Call Me by My Name: Shedding Dani

For most of my life, I loved being called Dani. It was a name that felt warm, familiar, soft—wrapped in the voices of family, childhood, and those fleeting moments when I felt seen. I held onto it tightly, maybe because in some ways, it felt like a tether to love, to belonging, to the idea of being part of something or someone. My family called me Dani. My friends did too. And for a long time, that felt good. It felt safe.


But I have changed.


I am no longer that version of myself who needed to be chosen, called, or softened by a nickname. I am no longer that girl who waited for her American papers with the hope that love would come attached to approval or assimilation. I used to crave community so badly that I let almost anyone call me Dani, whether they saw me or not.


Today, I no longer want to be called Dani by just anyone.


That name is now reserved. A privilege. A whisper only allowed in the mouths of people who truly see me—who have walked with me through pain, healing, and truth. People who love without condition, who do not just glance but witness.


I am protecting my spirit the way a country guards its borders. I am in a season of becoming—of retreat and regeneration. Like the U.S. closing its borders, I too am closing access to parts of myself until the new me is ready. Not hidden. Just sacred. Quietly preparing to rise.


This is not rejection. This is reclamation.


And until then, please call me Daniela. 

Tuesday, April 1, 2025

An Open Letter to My Future Husband

To the man I have not yet met—but somehow already love,


Thank you.


Thank you for being patient with me—truly patient, not just in the easy moments, but in the messy ones too. For standing beside me when life gets heavy, when the weight of the world feels like too much. Thank you for taking up arms with me—not against me, not to rescue me, but to stand with me as an equal, a partner, a witness, and a fighter.

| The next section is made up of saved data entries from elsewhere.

(* Let $d\ge 2$ and consider Hamiltonians (Hermitian operators) $H$ on $\mathbb{C}^d$ with fixed orthonormal (incoherent) basis $\{\ket{i}\}_{i=0}^{d-1}$. Then \[ \max_{\|H\|_{2}\leq 1} C_{\mathrm{gen}}(H)=\max_{\boldsymbol{p}}\sqrt{2f(\boldsymbol{p})}, \] where the maximum on the left is over all Hamiltonians on $\mathbb{C}^d$ with Hilbert–Schmidt norm $\|H\|_2=\sqrt{\mathrm{Tr}[H^\dagger H]}\le 1$, and the maximum on the right is over all probability distributions $\boldsymbol{p}=(p_0,\ldots,p_{d-1})$ on $d$ outcomes.
   Context: The dephasing map is $\Delta(\rho)=\sum_{i}\ket{i}\!\bra{i}\rho\ket{i}\!\bra{i}$. The relative entropy of coherence of a state $\rho$ is $C_\mathrm{r}(\rho)=S(\Delta(\rho))-S(\rho)$, where $S(\rho)=-\mathrm{Tr}[\rho\log_2\rho]$. The coherence generating capacity of a Hamiltonian $H$ is \[ C_{\mathrm{gen}}(H)=\max_{\rho}\left.\frac{d}{dt}C_{\mathrm{r}}\big(e^{-iHt}\rho e^{iHt}\big)\right|_{t=0}, \] the maximum over all density matrices $\rho$ on $\mathbb{C}^d$. For a probability distribution $\boldsymbol{p}$, $f(\boldsymbol{p})$ is the variance of the surprisal: \[ f(\boldsymbol{p})=\sum_{i}p_{i}\left(-\log_{2}p_{i}\right)^{2}-\Big[\sum_{i}p_{i}\left(-\log_{2}p_{i}\right)\Big]^{2} \] (with the convention $0\log_2 0=0$, $0(\log_2 0)^2=0$). *)

theory Defs
  imports "HOL-Analysis.Analysis" "Jordan_Normal_Form.Jordan_Normal_Form"
begin

text \<open>Square complex matrices of size d are JNF matrices in carrier_mat d d.
  The incoherent basis is the standard basis indexed by 0..d-1.\<close>

definition adj :: "complex mat \<Rightarrow> complex mat" where
  "adj A = mat (dim_col A) (dim_row A) (\<lambda>(i,j). cnj (A $$ (j,i)))"

definition mtrace :: "complex mat \<Rightarrow> complex" where
  "mtrace A = (\<Sum>i<dim_row A. A $$ (i,i))"

definition hermitian :: "nat \<Rightarrow> complex mat \<Rightarrow> bool" where
  "hermitian d H \<longleftrightarrow> H \<in> carrier_mat d d \<and> adj H = H"

definition hs_norm :: "complex mat \<Rightarrow> real" where
  "hs_norm H = sqrt (Re (mtrace (adj H * H)))"

definition density :: "nat \<Rightarrow> complex mat \<Rightarrow> bool" where
  "density d \<rho> \<longleftrightarrow> hermitian d \<rho> \<and>
     (\<forall>v \<in> carrier_vec d. 0 \<le> Re (conjugate v \<bullet> (\<rho> *\<^sub>v v))) \<and> mtrace \<rho> = 1"

definition mexp :: "complex mat \<Rightarrow> complex mat" where
  "mexp A = mat (dim_row A) (dim_col A) (\<lambda>(i,j). \<Sum>k. (A ^\<^sub>m k) $$ (i,j) / of_nat (fact k))"

definition eigvals :: "complex mat \<Rightarrow> complex list" where
  "eigvals A = (SOME as. char_poly A = (\<Prod>a\<leftarrow>as. [:- a, 1:]) \<and> length as = dim_row A)"

text \<open>Von Neumann entropy S(rho) = - Tr[rho log2 rho] = - sum of lambda log2 lambda over eigenvalues
  (note: 0 * log 2 0 = 0 in Isabelle, matching the convention 0 log 0 = 0).\<close>
definition vn_entropy :: "complex mat \<Rightarrow> real" where
  "vn_entropy \<rho> = - (\<Sum>a\<leftarrow>eigvals \<rho>. Re a * log 2 (Re a))"

definition dephase :: "complex mat \<Rightarrow> complex mat" where
  "dephase \<rho> = mat (dim_row \<rho>) (dim_col \<rho>) (\<lambda>(i,j). if i = j then \<rho> $$ (i,i) else 0)"

definition rel_coh :: "complex mat \<Rightarrow> real" where
  "rel_coh \<rho> = vn_entropy (dephase \<rho>) - vn_entropy \<rho>"

definition evolve :: "complex mat \<Rightarrow> real \<Rightarrow> complex mat \<Rightarrow> complex mat" where
  "evolve H t \<rho> = mexp ((- \<i> * of_real t) \<cdot>\<^sub>m H) * \<rho> * mexp ((\<i> * of_real t) \<cdot>\<^sub>m H)"

text \<open>Coherence generating capacity: the supremum (attained, by the paper) over density matrices of
  the derivative at t = 0 of C_r along the unitary evolution.\<close>
definition Cgen :: "nat \<Rightarrow> complex mat \<Rightarrow> real" where
  "Cgen d H = Sup {D. \<exists>\<rho>. density d \<rho> \<and>
       ((\<lambda>t. rel_coh (evolve H t \<rho>)) has_real_derivative D) (at 0)}"

definition prob_dist :: "nat \<Rightarrow> (nat \<Rightarrow> real) \<Rightarrow> bool" where
  "prob_dist d p \<longleftrightarrow> (\<forall>i<d. 0 \<le> p i) \<and> (\<Sum>i<d. p i) = 1"

definition surprisal_var :: "nat \<Rightarrow> (nat \<Rightarrow> real) \<Rightarrow> real" where
  "surprisal_var d p = (\<Sum>i<d. p i * (- log 2 (p i))^2) - (\<Sum>i<d. p i * (- log 2 (p i)))^2"

end

theory Submission
  imports Defs "HOL-Real_Asymp.Real_Asymp"
begin

text \<open>
  Along rho(t) = exp(-itH) rho exp(itH) the von Neumann entropy is constant, rho(t) being
  similar to rho, so the derivative of C_r(rho(t)) at t = 0 is that of the Shannon entropy of
  the diagonal p(t).  With J_ia = Im (H_ia rho_ai) one has p_i' = sum_a (J_ia - J_ai), and the
  derivative becomes sum_{i,a} J_ia (log p_a - log p_i); coordinates with p_i = 0 contribute
  nothing, since their entropy terms have a local minimum at t = 0.  As |rho_ai|^2 <= p_i p_a,
  Cauchy-Schwarz together with ||H||_2 <= 1 bounds the derivative by
  sqrt (sum_{i,a} p_i p_a (log p_a - log p_i)^2) = sqrt (2 f(p)).  Equality holds for the pure
  state with amplitudes sqrt p_i and H_ia proportional to i sqrt (p_i p_a) (log p_a - log p_i),
  and f attains its maximum on the compact simplex.
\<close>

section \<open>Exponentials of scaled matrices\<close>

lemma index_mult_mat_sum:
  assumes "A \<in> carrier_mat n m" "B \<in> carrier_mat m p" "i < n" "j < p"
  shows "(A * B) $$ (i,j) = (\<Sum>k<m. A $$ (i,k) * B $$ (k,j))"
  using assms by (auto simp: scalar_prod_def atLeast0LessThan intro!: sum.cong)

You saved me in ways no one else could—by seeing me, calming me, not trying to fix me, but holding me through the storm. When I feel like I might fall apart, thank you for being the calm in the chaos. The steady voice, the quiet touch, the reminder that I am safe.


I want you to know how much I admire you—not just for who you are, but for all the work you have done to become him. I see the discipline, the self-awareness, the growth. I know it has not been easy. I know you have fought your own battles in silence, healed in places no one applauded, and still chose to show up with your heart open. That is no small thing.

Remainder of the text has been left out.